Dinner/Mains

July 17, 2026

Easiest Tofu Egg Roll Bowls

The are the Easiest Tofu Egg Roll Bowls, and will help you get a plant-based dinner on the table in 30 minutes. Whether it’s a busy weeknight, or just any night you want a low-effort meal, this one is satisfying and nutritious.

I’m always looking to add recipes to my low-effort meals repertoire, and this one definitely delivers. This egg roll-inspired stir fry uses crumbled tofu, which requires no pressing or chopping, and bagged coleslaw mix - again, no chopping! The only thing you need to pull a knife out for is to slice up a bunch of green onions. The sauce is whisked together in one bowl. Sautéed quickly over high heat, the tofu-vegetable stir fry is done in just minutes. 

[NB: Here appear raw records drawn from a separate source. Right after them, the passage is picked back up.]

(* Let $\mathscr{D}$ be a nonnegative integer-valued random variable with $\mathbb{P}(\mathscr{D}>t)=\mathcal{L}(t)t^{-\gamma}$, $\mathcal{L}$ slowly varying, $1<\gamma<2$. Let $D_1,\dots,D_n$ be i.i.d. copies, $G_n$ the configuration model with these degrees and $Z_n$ the number of edges removed when forming the erased configuration model from $G_n$. Then for every $\delta>0$, $Z_n/n^{2-\gamma+\delta}\to0$ in probability.
   Context: Configuration model: vertex $i$ gets $D_i$ half-edges (one added if the sum is odd; ignored), paired uniformly at random; $X_{ij}$ is the number of edges between $i\ne j$ and $X_{ii}$ the number of self-loops at $i$. The erased configuration model removes self-loops and merges multiple edges; the number of removed edges is $Z_n=\sum_{i=1}^nX_{ii}+\sum_{1\le i<j\le n}(X_{ij}-\mathbf 1\{X_{ij}>0\})$. *)

theory Defs
  imports "HOL-Probability.Probability"
begin

definition slowly_varying :: "(real \<Rightarrow> real) \<Rightarrow> bool" where
  "slowly_varying L \<longleftrightarrow> (\<forall>x>0. L x > 0) \<and>
     (\<forall>a>0. ((\<lambda>x. L (a * x) / L x) \<longlongrightarrow> 1) at_top)"

definition cm_degrees :: "nat \<Rightarrow> (nat \<Rightarrow> nat) \<Rightarrow> nat \<Rightarrow> nat" where
  "cm_degrees n d = (if odd (\<Sum>i<n. d i) then d(n - 1 := d (n - 1) + 1) else d)"

definition half_edges :: "nat \<Rightarrow> (nat \<Rightarrow> nat) \<Rightarrow> (nat \<times> nat) set" where
  "half_edges n d = {(i, k). i < n \<and> k < d i}"

text \<open>Perfect matchings of a set H, as fixed-point-free involutions on H
  (identity outside H).\<close>
definition pairings :: "'a set \<Rightarrow> ('a \<Rightarrow> 'a) set" where
  "pairings H = {f. (\<forall>x\<in>H. f x \<in> H \<and> f x \<noteq> x \<and> f (f x) = x) \<and> (\<forall>x. x \<notin> H \<longrightarrow> f x = x)}"

text \<open>Number of edges between distinct vertices i and j, and number of self-loops at i.\<close>
definition cm_X :: "(nat \<times> nat) set \<Rightarrow> ((nat \<times> nat) \<Rightarrow> (nat \<times> nat)) \<Rightarrow> nat \<Rightarrow> nat \<Rightarrow> nat" where
  "cm_X H f i j = (if i = j then card {h\<in>H. fst h = i \<and> fst (f h) = i} div 2
                   else card {h\<in>H. fst h = i \<and> fst (f h) = j})"

text \<open>Number of edges removed when erasing self-loops and multiple edges.\<close>
definition cm_Z :: "nat \<Rightarrow> (nat \<times> nat) set \<Rightarrow> ((nat \<times> nat) \<Rightarrow> (nat \<times> nat)) \<Rightarrow> nat" where
  "cm_Z n H f = (\<Sum>i<n. cm_X H f i i) +
     (\<Sum>(i, j)\<in>{(i, j). i < j \<and> j < n}. cm_X H f i j - (if cm_X H f i j > 0 then 1 else 0))"

definition Z_distr :: "nat pmf \<Rightarrow> nat \<Rightarrow> nat pmf" where
  "Z_distr p n =
     Pi_pmf {..<n} 0 (\<lambda>_. p) \<bind>
       (\<lambda>D. let H = half_edges n (cm_degrees n D) in
             map_pmf (cm_Z n H) (pmf_of_set (pairings H)))"

end

(*
  Condition on the degrees and let M be the number of half-edges.  In a uniform pairing a given
  half-edge is matched to a prescribed one with probability 1/(M-1), and two prescribed disjoint
  matchings occur with probability 1/((M-1)(M-3)); both facts follow from symmetry under
  conjugation by transpositions.  Hence the expected number of self-loops at i is at most
  min(d_i, d_i^2/(M-1)), and since X - 1{X>0} <= min(X, X(X-1)), the expected number of surplus
  edges between i and j is at most min(d_i d_j/(M-1), (d_i d_j)^2/((M-1)(M-3))).  Interpolating
  each minimum with an exponent 1 <= s < gamma bounds E[Z_n | D] by sums of (D_i+1)^s m^(1-s) and
  ((D_i+1)(D_j+1))^s m^(-s) whenever m <= M-1.  A regularly varying tail of index gamma > s gives
  E (D+1)^s < oo, and the total degree exceeds c n except with probability e^(-c n).  Taking m of
  order n, Markov's inequality yields P(Z_n > t) <= e^(-c n) + K n^(2-s) / t, and 2 - s can be
  chosen below 2 - gamma + delta.
*)

theory Submission
  imports Defs "HOL-Combinatorics.Transposition"
begin

lemma card_eq_by_involution:
  assumes "\<And>x. \<phi> (\<phi> x) = x" "\<phi> ` A \<subseteq> B" "\<phi> ` B \<subseteq> A" "finite A" "finite B"
  shows "card A = card B"
proof -
  have inj: "inj_on \<phi> X" for X by (metis assms(1) inj_onI)
  show ?thesis
    using card_inj_on_le[OF inj assms(2,5)] card_inj_on_le[OF inj assms(3,4)] by simp
qed

lemma card_eq_sum_card_fibres:
  assumes "finite A" "finite B" "\<And>x. x \<in> A \<Longrightarrow> g x \<in> B"
  shows "card A = (\<Sum>b\<in>B. card {x\<in>A. g x = b})"
proof -
  have "card A = card (\<Union>b\<in>B. {x\<in>A. g x = b})"
    using assms(3) by (intro arg_cong[where f = card]) auto
  also have "\<dots> = (\<Sum>b\<in>B. card {x\<in>A. g x = b})"
    using assms by (intro card_UN_disjoint) auto
  finally show ?thesis .
qed

lemma sum_card_filter_swap:
  assumes "finite P" "finite X"
  shows "(\<Sum>f\<in>P. card {x\<in>X. Q f x}) = (\<Sum>x\<in>X. card {f\<in>P. Q f x})"
proof -
  have card_eq: "card {y\<in>Y. R y} = (\<Sum>y\<in>Y. of_bool (R y))" if "finite Y" for Y R
    using that by (simp add: Int_def)
  have "(\<Sum>f\<in>P. card {x\<in>X. Q f x}) = (\<Sum>f\<in>P. \<Sum>x\<in>X. of_bool (Q f x))"
    using assms by (simp add: card_eq del: sum_of_bool_eq)
  also have "\<dots> = (\<Sum>x\<in>X. \<Sum>f\<in>P. of_bool (Q f x))"
    by (rule sum.swap)
  also have "\<dots> = (\<Sum>x\<in>X. card {f\<in>P. Q f x})"
    using assms by (simp add: card_eq del: sum_of_bool_eq)
  finally show ?thesis .
qed

lemma card_filter_eq_card_graph:
  "card {x\<in>X. \<phi> x \<in> Y} = card {z\<in>X \<times> Y. \<phi> (fst z) = snd z}"
proof -
  have "{z\<in>X \<times> Y. \<phi> (fst z) = snd z} = (\<lambda>x. (x, \<phi> x)) ` {x\<in>X. \<phi> x \<in> Y}" by auto
  then show ?thesis by (simp add: card_image inj_on_def)
qed

lemma card_offdiag:
  assumes "finite A"
  shows "card {x\<in>A \<times> A. fst x \<noteq> snd x} = card A * (card A - 1)"
proof -
  have "{x\<in>A \<times> A. fst x \<noteq> snd x} = A \<times> A - (\<lambda>x. (x, x)) ` A" by auto
  moreover have "card ((\<lambda>x. (x, x)) ` A) = card A" by (simp add: card_image inj_on_def)
  ultimately show ?thesis
    using assms by (simp add: card_Diff_subset card_cartesian_product diff_mult_distrib2 image_subset_iff)
qed

lemma pairingsD:
  assumes "f \<in> pairings H"
  shows pairings_closed: "x \<in> H \<Longrightarrow> f x \<in> H"
    and pairings_no_fixpoint: "x \<in> H \<Longrightarrow> f x \<noteq> x"
    and pairings_involution: "f (f x) = x"
  using assms by (auto simp: pairings_def)

lemma finite_pairings:
  assumes "finite H"
  shows "finite (pairings H)"
proof -
  have "inj_on (\<lambda>f. restrict f H) (pairings H)"
    by (rule inj_onI) (auto simp: pairings_def fun_eq_iff restrict_def split: if_splits, metis)
  moreover have "(\<lambda>f. restrict f H) ` pairings H \<subseteq> PiE H (\<lambda>_. H)"
    by (auto simp: pairings_def)
  ultimately show ?thesis
    using assms by (meson finite_PiE finite_imageD finite_subset)
qed

lemma pairings_nonempty:
  "finite H \<Longrightarrow> even (card H) \<Longrightarrow> pairings H \<noteq> {}"
proof (induction "card H" arbitrary: H rule: less_induct)
  case less
  show ?case
  proof (cases "H = {}")
    case True
    then have "id \<in> pairings H" by (auto simp: pairings_def)
    then show ?thesis by blast
  next
    case False
    then obtain a where a: "a \<in> H" by blast
    moreover have "H \<noteq> {a}" using less.prems by auto
    ultimately obtain b where b: "b \<in> H" "b \<noteq> a" by blast
    have "card (H - {a, b}) = card H - 2"
      using a b less.prems(1) by (simp add: card_Diff_subset)
    moreover have "card H \<ge> 2"
      using a b less.prems(1) by (metis card_2_iff card_mono empty_subsetI insert_subset)
    ultimately obtain g where "g \<in> pairings (H - {a, b})"
      using less.hyps[of "H - {a, b}"] less.prems by fastforce
    then have "g(a := b, b := a) \<in> pairings H"
      using a b unfolding pairings_def by auto
    then show ?thesis by blast
  qed
qed

lemma transpose_conj_in_pairings:
  assumes "u \<in> H" "v \<in> H" "f \<in> pairings H"
  shows "Transposition.transpose u v \<circ> f \<circ> Transposition.transpose u v \<in> pairings H"
proof -
  have mem: "Transposition.transpose u v x \<in> H \<longleftrightarrow> x \<in> H" for x
    using assms by (auto simp: Transposition.transpose_def)
  show ?thesis
    using assms unfolding pairings_def by (auto simp: mem transpose_eq_iff)
qed

lemma card_pairings_eq_partner:
  assumes "finite H" "a \<in> H" "b \<in> H" "a \<noteq> b"
  shows "card (pairings H) = (card H - 1) * card {f\<in>pairings H. f a = b}"
proof -
  let ?P = "pairings H"
  have fin: "finite ?P" using assms(1) by (rule finite_pairings)
  have "card ?P = (\<Sum>b'\<in>H - {a}. card {f\<in>?P. f a = b'})"
    using fin assms by (intro card_eq_sum_card_fibres) (auto dest: pairingsD)
  also have "\<dots> = (\<Sum>b'\<in>H - {a}. card {f\<in>?P. f a = b})"
  proof (intro sum.cong refl)
    fix b' assume b': "b' \<in> H - {a}"
    define \<tau> where "\<tau> = Transposition.transpose b b'"
    have conj: "(\<tau> \<circ> f \<circ> \<tau>) a = \<tau> (f a)" for f
      using assms b' by (auto simp: \<tau>_def Transposition.transpose_def)
    show "card {f\<in>?P. f a = b'} = card {f\<in>?P. f a = b}"
    proof (rule card_eq_by_involution[where \<phi> = "\<lambda>f. \<tau> \<circ> f \<circ> \<tau>"])
      show "\<tau> \<circ> (\<tau> \<circ> f \<circ> \<tau>) \<circ> \<tau> = f" for f
        by (simp add: fun_eq_iff \<tau>_def)
      show "(\<lambda>f. \<tau> \<circ> f \<circ> \<tau>) ` {f\<in>?P. f a = b'} \<subseteq> {f\<in>?P. f a = b}"
        "(\<lambda>f. \<tau> \<circ> f \<circ> \<tau>) ` {f\<in>?P. f a = b} \<subseteq> {f\<in>?P. f a = b'}"
        using assms b' by (auto simp: conj \<tau>_def intro: transpose_conj_in_pairings)
    qed (use fin in auto)
  qed
  also have "\<dots> = (card H - 1) * card {f\<in>?P. f a = b}"
    using assms by simp
  finally show ?thesis .
qed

Start a pot of rice first, and this stir fry will be done just are the rice finishes cooking. I definitely recommend making my Sweet Chili Mayo to drizzle on top of the finished egg roll bowls, and if you can find fried wonton strips, they really complete the egg roll experience!

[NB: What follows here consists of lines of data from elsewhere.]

definition lc_prog_ok :: "lc_prog \<Rightarrow> bool" where
  "lc_prog_ok P = (sane P \<and> (\<forall>d \<in> set (p_funs P). lc_fun_ok P d))"

section \<open>CLC family-based typing\<close>

definition ty_ann :: "'f clc_prog \<Rightarrow> ty \<Rightarrow> 'f form" where
  "ty_ann P T = (case T of TStruct s \<Rightarrow>
                   (case lookup_struct P s of Some d \<Rightarrow> s_ann d | None \<Rightarrow> FTrue)
                 | _ \<Rightarrow> FTrue)"

text \<open>neverLast(k, (e_1..e_n)) with 0-based index k.\<close>
definition neverLast :: "nat \<Rightarrow> 'f form list \<Rightarrow> 'f form" where
  "neverLast k as = FOr (FNot (as ! k)) (FDisj (drop (Suc k) as))"

inductive ft_typ :: "'f clc_prog \<Rightarrow> 'f form \<Rightarrow> (vname \<rightharpoonup> ty \<times> 'f form) \<Rightarrow> 'f form expr \<Rightarrow> ty \<Rightarrow> bool"
  for P where
  FT_int: "ft_typ P \<theta> \<Delta> (Lit n) TInt"
| FT_null: "ft_typ P \<theta> \<Delta> Null TVoid"
| FT_par: "\<Delta> x = Some (T, \<psi>) \<Longrightarrow> entails \<theta> \<psi> \<Longrightarrow> ft_typ P \<theta> \<Delta> (Par x) T"
| FT_app: "lookup_fun P f = Some (FDef a T0 f pars body) \<Longrightarrow> entails \<theta> a \<Longrightarrow>
          list_all2 (\<lambda>arg par. \<exists>T'. ft_typ P \<theta> \<Delta> (snd arg) T' \<and> subty P T' (fst (snd par))
                                 \<and> entails \<theta> (FIff (fst arg) (fst par))) args pars \<Longrightarrow>
          ft_typ P \<theta> \<Delta> (App f args) T0"
| FT_member: "ft_typ P \<theta> \<Delta> e0 (TStruct s) \<Longrightarrow> lookup_member P s m = Some (a, T) \<Longrightarrow>
          entails \<theta> a \<Longrightarrow> ft_typ P \<theta> \<Delta> (Member e0 m) T"
| FT_assign: "ft_typ P \<theta> \<Delta> e0 (TStruct s) \<Longrightarrow> lookup_member P s m = Some (a, T) \<Longrightarrow>
          entails \<theta> a \<Longrightarrow> ft_typ P \<theta> \<Delta> e1 T1 \<Longrightarrow> subty P T1 T \<Longrightarrow>
          ft_typ P \<theta> \<Delta> (Assign e0 m e1) T"
| FT_cond: "ft_typ P \<theta> \<Delta> e0 T0 \<Longrightarrow> ft_typ P \<theta> \<Delta> e1 T1 \<Longrightarrow> ft_typ P \<theta> \<Delta> e2 T2 \<Longrightarrow>
          is_max P T1 T2 T3 \<Longrightarrow> ft_typ P \<theta> \<Delta> (Cond e0 e1 e2) T3"
| FT_seq: "es \<noteq> [] \<Longrightarrow> entails \<theta> (FDisj (map fst es)) \<Longrightarrow>
          list_all2 (\<lambda>el T. ft_typ P (FAnd \<theta> (fst el)) \<Delta> (snd el) T) es Ts \<Longrightarrow>
          (\<forall>i < length es. Ts ! i \<noteq> last Ts \<longrightarrow> entails \<theta> (neverLast i (map fst es))) \<Longrightarrow>
          ft_typ P \<theta> \<Delta> (Seq es) (last Ts)"
| FT_uop: "ft_typ P \<theta> \<Delta> e0 T0 \<Longrightarrow> uop_ok u T0 \<Longrightarrow> ft_typ P \<theta> \<Delta> (Uop u e0) TInt"
| FT_bop: "ft_typ P \<theta> \<Delta> e1 T1 \<Longrightarrow> ft_typ P \<theta> \<Delta> e2 T2 \<Longrightarrow> is_max P T1 T2 T3 \<Longrightarrow> bop_ok b T3 \<Longrightarrow>
          ft_typ P \<theta> \<Delta> (Bop b e1 e2) TInt"
| FT_malloc: "lookup_struct P s = Some d \<Longrightarrow> entails \<theta> (s_ann d) \<Longrightarrow>
          ft_typ P \<theta> \<Delta> (Malloc s) (TStruct s)"
| FT_mfree: "ft_typ P \<theta> \<Delta> e0 (TStruct s) \<Longrightarrow> ft_typ P \<theta> \<Delta> (Mfree e0) TVoid"
monos list_all2_mono

definition ft_struct_ok :: "'f clc_prog \<Rightarrow> 'f form \<Rightarrow> 'f form sdef \<Rightarrow> bool" where
  "ft_struct_ok P \<theta> d = (\<forall>(a, T, m) \<in> set (s_mems d). entails \<theta> (FImp a (ty_ann P T)))"

definition ft_fun_ok :: "'f clc_prog \<Rightarrow> 'f form \<Rightarrow> 'f form fdef \<Rightarrow> bool" where
  "ft_fun_ok P \<theta> d =
     (entails \<theta> (ty_ann P (f_ret d)) \<and>
      (\<forall>(a, T, x) \<in> set (f_pars d). entails \<theta> (FImp a (ty_ann P T))) \<and>
      (\<exists>T'. ft_typ P \<theta> (map_of (map (\<lambda>(a, T, x). (x, (T, a))) (f_pars d))) (f_body d) T'
            \<and> subty P T' (f_ret d)))"

definition ft_prog_ok :: "'f form \<Rightarrow> 'f clc_prog \<Rightarrow> bool" where
  "ft_prog_ok \<phi> P =
     (sane P \<and>
      (\<exists>d. lookup_fun P ''main'' = Some d \<and> f_ann d = FTrue) \<and>
      (\<forall>d \<in> set (p_structs P). ft_struct_ok P (FAnd \<phi> (s_ann d)) d) \<and>
      (\<forall>d \<in> set (p_funs P). ft_fun_ok P (FAnd \<phi> (f_ann d)) d))"

section \<open>Variant generation\<close>

definition keep :: "'f set \<Rightarrow> ('f form \<times> 'b) list \<Rightarrow> ('f form \<times> 'b) list" where
  "keep p xs = filter (\<lambda>(a, _). models p a) xs"

fun var_expr :: "'f set \<Rightarrow> 'f form expr \<Rightarrow> unit expr" where
  "var_expr p (Lit n) = Lit n"
| "var_expr p Null = Null"
| "var_expr p (Par x) = Par x"
| "var_expr p (App f args) = App f (map (\<lambda>(a, e). ((), e)) (keep p (map (\<lambda>(a, e). (a, var_expr p e)) args)))"
| "var_expr p (Member e m) = Member (var_expr p e) m"
| "var_expr p (Assign e m e') = Assign (var_expr p e) m (var_expr p e')"
| "var_expr p (Cond e1 e2 e3) = Cond (var_expr p e1) (var_expr p e2) (var_expr p e3)"
| "var_expr p (Seq es) = Seq (map (\<lambda>(a, e). ((), e)) (keep p (map (\<lambda>(a, e). (a, var_expr p e)) es)))"
| "var_expr p (Uop u e) = Uop u (var_expr p e)"
| "var_expr p (Bop b e e') = Bop b (var_expr p e) (var_expr p e')"
| "var_expr p (Malloc s) = Malloc s"
| "var_expr p (Mfree e) = Mfree (var_expr p e)"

Ingredients assembled for Tofu Egg Roll Bowls
Assemble your ingredients.

Sauce ingredients whisked together
Whisk the sauce ingredients together.

Stages of stir frying the tofu and vegetables
Saute the vegetables and tofu quickly over high heat until they just get some golden brown color.

Stir fry in a large wok with a bamboo spatula
Add the sauce and simmer until thickened.

Tofu Egg Roll Bowl serve in a pink bowl with a fork
Serve the egg roll stir fry over cooked white rice.

Tofu Egg Roll Bowl topped with fried wonton strips
Drizzle with Sweet Chili Mayo and top with fried wonton strips to really complete the Tofu Egg Roll Bowl experience!

Easiest Tofu Egg Roll Bowls

The are the Easiest Tofu Egg Roll Bowls, and will help you get a plant-based dinner on the table in 30 minutes. Whether it’s a busy weeknight, or just any night you want a low-effort meal, this one is satisfying and nutritious.

Author:

Kira Freed - The Joyful Plateful

Prep:

15

min

cook:

10

min

total:

25

min

Ingredients

For the sauce: 

3/4 cup water

1/2 cup low-sodium tamari

1/4 cup maple syrup

2 Tbsp. rice vinegar

2 Tbsp. toasted sesame oil

2 Tbsp. corn starch 

2 Tbsp. sesame seeds

1 tsp. garlic powder

1 tsp. ground ginger

For the stir fry:

2 Tbsp. avocado oil

2 blocks extra-firm tofu (14-16 oz. each)

6 green onions (1 bunch), sliced, white and green parts divided

14-oz. bag coleslaw mix (shredded green & red cabbages, carrots; no dressing)

For serving:

Cooked white rice

Fried wonton strips

Sweet Chili Mayo, for drizzling (optional)

Instructions

  1. Start by preparing the sauce. In a medium mixing bowl, whisk together all the sauce ingredients until combined and smooth. Set aside. 
  2. Heat a large skillet or wok over medium-high heat. Add the avocado oil. Crumble the two blocks of tofu into the pan, then continue to gently break up into penny-size crumbles with a spatula while tossing to coat in the oil.
  3. Fry the tofu until the excess water evaporates and a light golden brown crust begins to form on the edges. Add the white and light green parts of the diced green onions, and sauté for 2-3 minutes. 
  4. Add the prepared shredded coleslaw mix and sauté about 2-3 minutes, stirring frequently, until the cabbage is tender-crisp. 
  5. Pour the sauce mixture into the pan and stir to coat the tofu and vegetables. Bring to a boil and let simmer for 1-2 minutes, until sauce is thickened. 
  6. Remove the stir fry from the heat, and build the bowls: start with cooked white rice in the bottom of the bowl, then add the tofu mixture; drizzle Sweet Chili Mayo over the top (optional), and sprinkle with reserved sliced green onion tops and fried wonton strips. 
  7. Store leftovers in the refrigerator for up to 5 days.